(* Let $\mathcal{S}$ be a state space, $\mathcal{A}$ a finite action space, $\rho$ a distribution on $\mathcal{S}$, $\pi_{\mathrm{ref}}$ a policy with full support, $\beta>0$, $R>0$, and $r^*:\mathcal{S}\times\mathcal{A}\to[0,R]$. Let $$\Pi_{\le R/\beta}:=\Big\{\pi:\mathcal{S}\to\Delta(\mathcal{A})\ \Big|\ \max_{s,a}\Big|\log\frac{\pi(a|s)}{\pi_{\mathrm{ref}}(a|s)}\Big|\le\frac R\beta\Big\}.$$ Then for any policy $\pi\in\Pi_{\le R/\beta}$, $$\mathrm{Cov}^{\pi^*_{r^*}|\pi}\le1+\kappa\big(e^{2R/\beta}\big)\cdot\frac{J_\beta(\pi^*_{r^*})-J_\beta(\pi)}{\beta},$$ where $\kappa(x):=\frac{(x-1)^2}{x-1-\log x}$ (and $\kappa(x)=O(x)$).
   Context: $\pi^*_{r^*}(a|s)\propto\pi_{\mathrm{ref}}(a|s)e^{r^*(s,a)/\beta}$; $J_\beta(\pi):=\mathbb{E}_{s\sim\rho}[\mathbb{E}_{a\sim\pi(\cdot|s)}r^*(s,a)-\beta\mathrm{KL}(\pi(\cdot|s)\|\pi_{\mathrm{ref}}(\cdot|s))]$; $\mathrm{Cov}^{\tilde\pi|\pi}:=\mathbb{E}_{s\sim\rho,a\sim\tilde\pi(\cdot|s)}[\tilde\pi(a|s)/\pi(a|s)]$. *)

theory Defs
  imports "HOL-Probability.Probability"
begin

text \<open>States: type 's with a probability measure rho; actions: a finite type 'a.
  A policy is a function pi :: 's => 'a => real, pi s a being pi(a|s).\<close>

definition is_policy :: "('s \<Rightarrow> 'a::finite \<Rightarrow> real) \<Rightarrow> bool" where
  "is_policy p \<longleftrightarrow> (\<forall>s. (\<forall>a. p s a \<ge> 0) \<and> (\<Sum>a\<in>UNIV. p s a) = 1)"

definition pistar :: "real \<Rightarrow> ('s \<Rightarrow> 'a::finite \<Rightarrow> real) \<Rightarrow> ('s \<Rightarrow> 'a \<Rightarrow> real) \<Rightarrow> 's \<Rightarrow> 'a \<Rightarrow> real" where
  "pistar \<beta> piref r s a =
     piref s a * exp (r s a / \<beta>) / (\<Sum>b\<in>UNIV. piref s b * exp (r s b / \<beta>))"

definition KL :: "('s \<Rightarrow> 'a::finite \<Rightarrow> real) \<Rightarrow> ('s \<Rightarrow> 'a \<Rightarrow> real) \<Rightarrow> 's \<Rightarrow> real" where
  "KL p q s = (\<Sum>a\<in>UNIV. if p s a = 0 then 0 else p s a * ln (p s a / q s a))"

definition J_beta :: "'s measure \<Rightarrow> ('s \<Rightarrow> 'a::finite \<Rightarrow> real) \<Rightarrow> real \<Rightarrow> ('s \<Rightarrow> 'a \<Rightarrow> real)
    \<Rightarrow> ('s \<Rightarrow> 'a \<Rightarrow> real) \<Rightarrow> real" where
  "J_beta \<rho> r \<beta> piref p =
     (\<integral>s. (\<Sum>a\<in>UNIV. p s a * r s a) - \<beta> * KL p piref s \<partial>\<rho>)"

definition Cov :: "'s measure \<Rightarrow> ('s \<Rightarrow> 'a::finite \<Rightarrow> real) \<Rightarrow> ('s \<Rightarrow> 'a \<Rightarrow> real) \<Rightarrow> real" where
  "Cov \<rho> pt p = (\<integral>s. (\<Sum>a\<in>UNIV. pt s a * (pt s a / p s a)) \<partial>\<rho>)"

definition kappa :: "real \<Rightarrow> real" where
  "kappa x = (x - 1)^2 / (x - 1 - ln x)"

text \<open>The class Pi_{<= R/beta}: policies with |log (pi/pi_ref)| <= R/beta everywhere
  (the log being finite forces pi(a|s) > 0).\<close>
definition Pi_bounded :: "('s \<Rightarrow> 'a::finite \<Rightarrow> real) \<Rightarrow> real \<Rightarrow> ('s \<Rightarrow> 'a \<Rightarrow> real) set" where
  "Pi_bounded piref B = {p. is_policy p \<and> (\<forall>s a. p s a > 0 \<and> \<bar>ln (p s a / piref s a)\<bar> \<le> B)}"

end

theory Submission
  imports Defs
begin

text \<open>At a fixed state write S and P for the two action distributions and w = S / P for
  their likelihood ratio. The Gibbs variational principle turns the gap of the regularised
  objective into beta KL(P || S) = beta E_P[w - 1 - ln w], while the coverage integrand is
  1 + E_P[(w - 1)^2]. Both policies are within R / beta of pi_ref in log-ratio, so
  w \<le> exp (2 R / beta), and on (0, x] one has (w - 1)^2 \<le> kappa x (w - 1 - ln w)
  with equality at w = x. Integrating over rho gives the claim.\<close>

lemma diff_ln_pos: "1 < x \<Longrightarrow> 0 < x - 1 - ln (x::real)"
  using ln_add_one_self_less_self[of "x - 1"] by simp

lemma two_mul_diff_ln_le_square:
  fixes x :: real
  assumes "1 \<le> x"
  shows "2 * (x - 1 - ln x) \<le> (x - 1)^2"
proof -
  let ?G = "\<lambda>t::real. (t - 1)^2 - 2 * (t - 1 - ln t)"
  have "?G 1 \<le> ?G x"
  proof (rule deriv_nonneg_imp_mono[where g = ?G and g' = "\<lambda>t. 2 * (t - 1)^2 / t"])
    fix t :: real assume "t \<in> {1..x}"
    then have "0 < t" by simp
    then show "(?G has_real_derivative 2 * (t - 1)^2 / t) (at t)"
      by (auto intro!: derivative_eq_intros simp: field_simps power2_eq_square)
    show "0 \<le> 2 * (t - 1)^2 / t" using \<open>0 < t\<close> by simp
  qed (use assms in simp)
  then show ?thesis by simp
qed

lemma square_le_kappa_mul:
  fixes x w :: real
  assumes "1 < x" and "0 < w" and "w \<le> x"
  shows "(w - 1)^2 \<le> kappa x * (w - 1 - ln w)"
proof -
  define A B where "A = (x - 1)^2" and "B = x - 1 - ln x"
  have "0 < B" unfolding B_def using diff_ln_pos[OF \<open>1 < x\<close>] .
  have "2 * B \<le> A" unfolding A_def B_def using two_mul_diff_ln_le_square \<open>1 < x\<close> by simp
  define F where "F t = A * (t - 1 - ln t) - B * (t - 1)^2" for t
  \<comment> \<open>F vanishes at 1 and at x, and F' = (t - 1) (A / t - 2 B) with a decreasing second factor,
    so F is nonincreasing on (0, 1] and unimodal on [1, x]\<close>
  have F_deriv: "(F has_real_derivative (t - 1) * (A / t - 2 * B)) (at t)" if "0 < t" for t
    unfolding F_def using that
    by (auto intro!: derivative_eq_intros simp: field_simps power2_eq_square)
  have "F 1 = 0" "F x = 0"
    unfolding F_def A_def B_def by (simp_all add: power2_eq_square algebra_simps)
  have "0 \<le> F w"
  proof (cases "w \<le> 1")
    case True
    have "F 1 \<le> F w"
    proof (rule deriv_nonpos_imp_antimono[OF F_deriv])
      fix t assume t: "t \<in> {w..1}"
      with \<open>0 < w\<close> have "A \<le> A / t" "0 < t" by (auto simp: le_divide_eq A_def mult_left_le)
      with t \<open>2 * B \<le> A\<close> show "(t - 1) * (A / t - 2 * B) \<le> 0"
        by (intro mult_nonpos_nonneg) auto
    qed (use \<open>0 < w\<close> True in auto)
    with \<open>F 1 = 0\<close> show ?thesis by simp
  next
    case False
    have A_div_anti: "A / t' \<le> A / t" if "0 < t" "t \<le> t'" for t t'
      using that by (simp add: A_def divide_left_mono)
    consider "0 \<le> A / w - 2 * B" | "A / w - 2 * B \<le> 0" by linarith
    then show ?thesis
    proof cases
      case 1
      have "F 1 \<le> F w"
      proof (rule deriv_nonneg_imp_mono[OF F_deriv])
        fix t assume "t \<in> {1..w}"
        with 1 A_div_anti[of t w] show "0 \<le> (t - 1) * (A / t - 2 * B)" by simp
      qed (use False in auto)
      with \<open>F 1 = 0\<close> show ?thesis by simp
    next
      case 2
      have "F x \<le> F w"
      proof (rule deriv_nonpos_imp_antimono[OF F_deriv])
        fix t assume "t \<in> {w..x}"
        with False 2 A_div_anti[of w t] show "(t - 1) * (A / t - 2 * B) \<le> 0"
          by (intro mult_nonneg_nonpos) auto
      qed (use False \<open>w \<le> x\<close> in auto)
      with \<open>F x = 0\<close> show ?thesis by simp
    qed
  qed
  then have "(w - 1)^2 \<le> A / B * (w - 1 - ln w)"
    using \<open>0 < B\<close> by (simp add: F_def field_simps)
  then show ?thesis by (simp add: kappa_def A_def B_def)
qed

definition partition_fn :: "real \<Rightarrow> ('s \<Rightarrow> 'a::finite \<Rightarrow> real) \<Rightarrow> ('s \<Rightarrow> 'a \<Rightarrow> real)
    \<Rightarrow> 's \<Rightarrow> real" where
  "partition_fn \<beta> q r s = (\<Sum>b\<in>UNIV. q s b * exp (r s b / \<beta>))"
----
** Work order **
Filter the records above and copy every line that contains the word "True".

** Problem solution **
    case True
    qed (use \<open>0 < w\<close> True in auto)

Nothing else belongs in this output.